PROBLEM TO SOLVE — Counting every line in the entries below where the word "arccos" occurs, report how many there are. Give only that number.

**** SUPPLIED RECORDS

(* Let $\widetilde W\subset S^{n+1}$ be a spherical convex body. Then $\widetilde W=\widetilde W^{\circ}$ if and only if $\widetilde W$ is of constant width $\pi/2$.
   Context: For $P\in S^{n+1}$, $H(P)=\{Q\in S^{n+1}:P\cdot Q\ge0\}$. A subset of $S^{n+1}$ is hemispherical if it is disjoint from some $H(P)$. The arc $PQ$ is $\{((1-t)P+tQ)/\|(1-t)P+tQ\|:t\in[0,1]\}$, of length $|PQ|=\arccos(P\cdot Q)$. A spherical convex body is a closed hemispherical set with nonempty interior containing the arc $PQ$ for all its points $P,Q$. The spherical polar set is $\widetilde W^\circ=\bigcap_{P\in\widetilde W}H(P)$. $H(P)$ supports $\widetilde W$ if $\widetilde W\subset H(P)$ and $\partial\widetilde W\cap\partial H(P)\ne\emptyset$. The lune $H(P)\cap H(Q)$ ($P\ne\pm Q$) has thickness $\Delta(H(P)\cap H(Q))=\pi-|PQ|$. For $H(P)$ supporting $\widetilde W$, $\mathrm{width}_{H(P)}\widetilde W$ is the minimum of $\Delta(H(P)\cap H(Q))$ over hemispheres $H(Q)$ supporting $\widetilde W$ with $\widetilde W\subset H(P)\cap H(Q)$. $\widetilde W$ is of constant width $\rho$ ($0<\rho<\pi$) if $\mathrm{width}_{H(P)}\widetilde W=\rho$ for every supporting hemisphere $H(P)$. *)

theory Defs
  imports "HOL-Analysis.Analysis"
begin

text \<open>The unit sphere S^{n+1} sits in a Euclidean space 'a of dimension n+2.\<close>

definition Sph :: "'a::euclidean_space set" where
  "Sph = sphere 0 1"

definition hemi :: "'a::euclidean_space \<Rightarrow> 'a set" where
  "hemi P = {Q \<in> Sph. P \<bullet> Q \<ge> 0}"

definition hemispherical :: "'a::euclidean_space set \<Rightarrow> bool" where
  "hemispherical W \<longleftrightarrow> (\<exists>P \<in> Sph. W \<inter> hemi P = {})"

definition sarc :: "'a::euclidean_space \<Rightarrow> 'a \<Rightarrow> 'a set" where
  "sarc P Q = {((1 - t) *\<^sub>R P + t *\<^sub>R Q) /\<^sub>R norm ((1 - t) *\<^sub>R P + t *\<^sub>R Q) | t. t \<in> {0..1}}"

definition spherical_convex_body :: "'a::euclidean_space set \<Rightarrow> bool" where
  "spherical_convex_body W \<longleftrightarrow>
     W \<subseteq> Sph \<and> closed W \<and> hemispherical W \<and>
     (top_of_set Sph) interior_of W \<noteq> {} \<and>
     (\<forall>P \<in> W. \<forall>Q \<in> W. sarc P Q \<subseteq> W)"

definition spolar :: "'a::euclidean_space set \<Rightarrow> 'a set" where
  "spolar W = Sph \<inter> (\<Inter>P \<in> W. hemi P)"

definition supports :: "'a::euclidean_space \<Rightarrow> 'a set \<Rightarrow> bool" where
  "supports P W \<longleftrightarrow> W \<subseteq> hemi P \<and>
     (top_of_set Sph) frontier_of W \<inter> (top_of_set Sph) frontier_of (hemi P) \<noteq> {}"

definition lune_thickness :: "'a::euclidean_space \<Rightarrow> 'a \<Rightarrow> real" where
  "lune_thickness P Q = pi - arccos (P \<bullet> Q)"

definition width_candidates :: "'a::euclidean_space \<Rightarrow> 'a set \<Rightarrow> real set" where
  "width_candidates P W = {lune_thickness P Q | Q. Q \<in> Sph \<and> Q \<noteq> P \<and> Q \<noteq> - P \<and>
      supports Q W \<and> W \<subseteq> hemi P \<inter> hemi Q}"

definition is_width :: "'a::euclidean_space \<Rightarrow> 'a set \<Rightarrow> real \<Rightarrow> bool" where
  "is_width P W w \<longleftrightarrow> w \<in> width_candidates P W \<and> (\<forall>x \<in> width_candidates P W. w \<le> x)"

definition constant_width :: "'a::euclidean_space set \<Rightarrow> real \<Rightarrow> bool" where
  "constant_width W \<rho> \<longleftrightarrow> 0 < \<rho> \<and> \<rho> < pi \<and>
     (\<forall>P \<in> Sph. supports P W \<longrightarrow> is_width P W \<rho>)"

end

theory Submission
  imports Defs
begin

text \<open>
  If W is self-polar, the pole P of a supporting hemisphere lies in W, and the contact point X
  of H(P) is the pole of a second supporting hemisphere, through P; this lune has thickness
  pi/2, and no lune is thinner because all supporting poles lie in W = W\<degree> and so have
  nonnegative inner product with P.

  Conversely, width pi/2 forces any two supporting poles to have nonnegative inner product.
  If some X \<in> W\<degree> lay outside W, the point Y of W closest to X yields (via the first-order
  condition at Y) a supporting pole P with X \<bullet> P < 0; tilting H(X) away from P until it
  touches W gives a supporting pole R with P \<bullet> R < 0. If W were not contained in W\<degree>, a most
  distant pair X, Y of W yields a supporting pole P orthogonal to X, and from it one builds
  orthonormal families of supporting poles orthogonal to X of every size: the normalised sum
  of such a family is again a supporting pole, and a supporting pole orthogonal to it must be
  orthogonal to every member, hence to P, hence also to X since Y is a combination of X (with
  negative coefficient) and P. This contradicts finite dimension.
\<close>

lemma Sph_iff: "x \<in> Sph \<longleftrightarrow> x \<bullet> x = 1"
  by (simp add: Sph_def norm_eq_1)

lemma minus_in_Sph_iff [simp]: "- x \<in> Sph \<longleftrightarrow> x \<in> Sph"
  by (simp add: Sph_def)

lemma sgn_in_Sph: "v \<noteq> 0 \<Longrightarrow> sgn v \<in> Sph"
  by (simp add: Sph_def norm_sgn)

lemma inner_sgn_left: "sgn v \<bullet> x = (v \<bullet> x) / norm v"
  by (simp add: sgn_div_norm divide_inverse mult.commute)

lemma inner_sgn_right: "x \<bullet> sgn v = (x \<bullet> v) / norm v"
  by (simp add: sgn_div_norm divide_inverse mult.commute)

lemma Sph_inner_bounds:
  assumes "x \<in> Sph" "y \<in> Sph"
  shows "-1 \<le> x \<bullet> y" "x \<bullet> y \<le> 1"
  using Cauchy_Schwarz_ineq2[of x y] assms by (auto simp: Sph_def)

lemma Sph_inner_eq_1:
  assumes "x \<in> Sph" "y \<in> Sph" "x \<bullet> y = 1"
  shows "y = x"
  using norm_cauchy_schwarz_eq[of x y] assms by (simp add: Sph_def)

lemma orthogonal_component_nonzero:
  assumes "X \<in> Sph" "Y \<in> Sph" "Y \<noteq> X" "Y \<noteq> - X"
  shows "Y - (X \<bullet> Y) *\<^sub>R X \<noteq> 0"
proof
  assume "Y - (X \<bullet> Y) *\<^sub>R X = 0"
  then have Y: "Y = (X \<bullet> Y) *\<^sub>R X"
    by simp
  then have "(X \<bullet> Y)\<^sup>2 = 1"
    using assms(1,2) by (metis Sph_iff inner_scaleR_left inner_scaleR_right mult.assoc
        mult.right_neutral power2_eq_square)
  then have "X \<bullet> Y = 1 \<or> X \<bullet> Y = -1"
    by (simp add: power2_eq_1_iff)
  with Y assms(3,4) show False
    by auto
qed

lemma zero_in_sarc_antipodal: "0 \<in> sarc X (- X)"
  unfolding sarc_def by (intro CollectI exI[of _ "1/2"]) auto

lemma rotation_in_Sph:
  assumes "Z \<in> Sph" "R \<in> Sph" "Z \<bullet> R = 0"
  shows "cos e *\<^sub>R Z + sin e *\<^sub>R R \<in> Sph"
proof -
  have "(cos e *\<^sub>R Z + sin e *\<^sub>R R) \<bullet> (cos e *\<^sub>R Z + sin e *\<^sub>R R)
      = (cos e)\<^sup>2 * (Z \<bullet> Z) + (sin e)\<^sup>2 * (R \<bullet> R) + 2 * cos e * sin e * (Z \<bullet> R)"
    by (simp add: inner_add_left inner_add_right inner_commute power2_eq_square algebra_simps)
  also have "\<dots> = 1"
    using assms by (simp add: Sph_iff)
  finally show ?thesis
    by (simp add: Sph_iff)
qed

lemma small_rotation_in_open:
  fixes Z R :: "'a::real_normed_vector"
  assumes "open U" "Z \<in> U"
  obtains e where "0 < e" "e < pi" "cos e *\<^sub>R Z + sin e *\<^sub>R R \<in> U"
proof -
  have "((\<lambda>e. cos e *\<^sub>R Z + sin e *\<^sub>R R) \<longlongrightarrow> cos 0 *\<^sub>R Z + sin 0 *\<^sub>R R) (at_right 0)"
    by (intro tendsto_intros)
  then have "\<forall>\<^sub>F e in at_right 0. cos e *\<^sub>R Z + sin e *\<^sub>R R \<in> U"
    using topological_tendstoD assms by simp
  moreover have "\<forall>\<^sub>F e in at_right (0::real). e \<in> {0<..<pi}"
    by (rule eventually_at_right_real) simp
  ultimately have "\<forall>\<^sub>F e in at_right (0::real). cos e *\<^sub>R Z + sin e *\<^sub>R R \<in> U \<and> e \<in> {0<..<pi}"
    by eventually_elim simp
  then show ?thesis
    using that by (auto dest: eventually_happens)
qed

********

RESULT — 2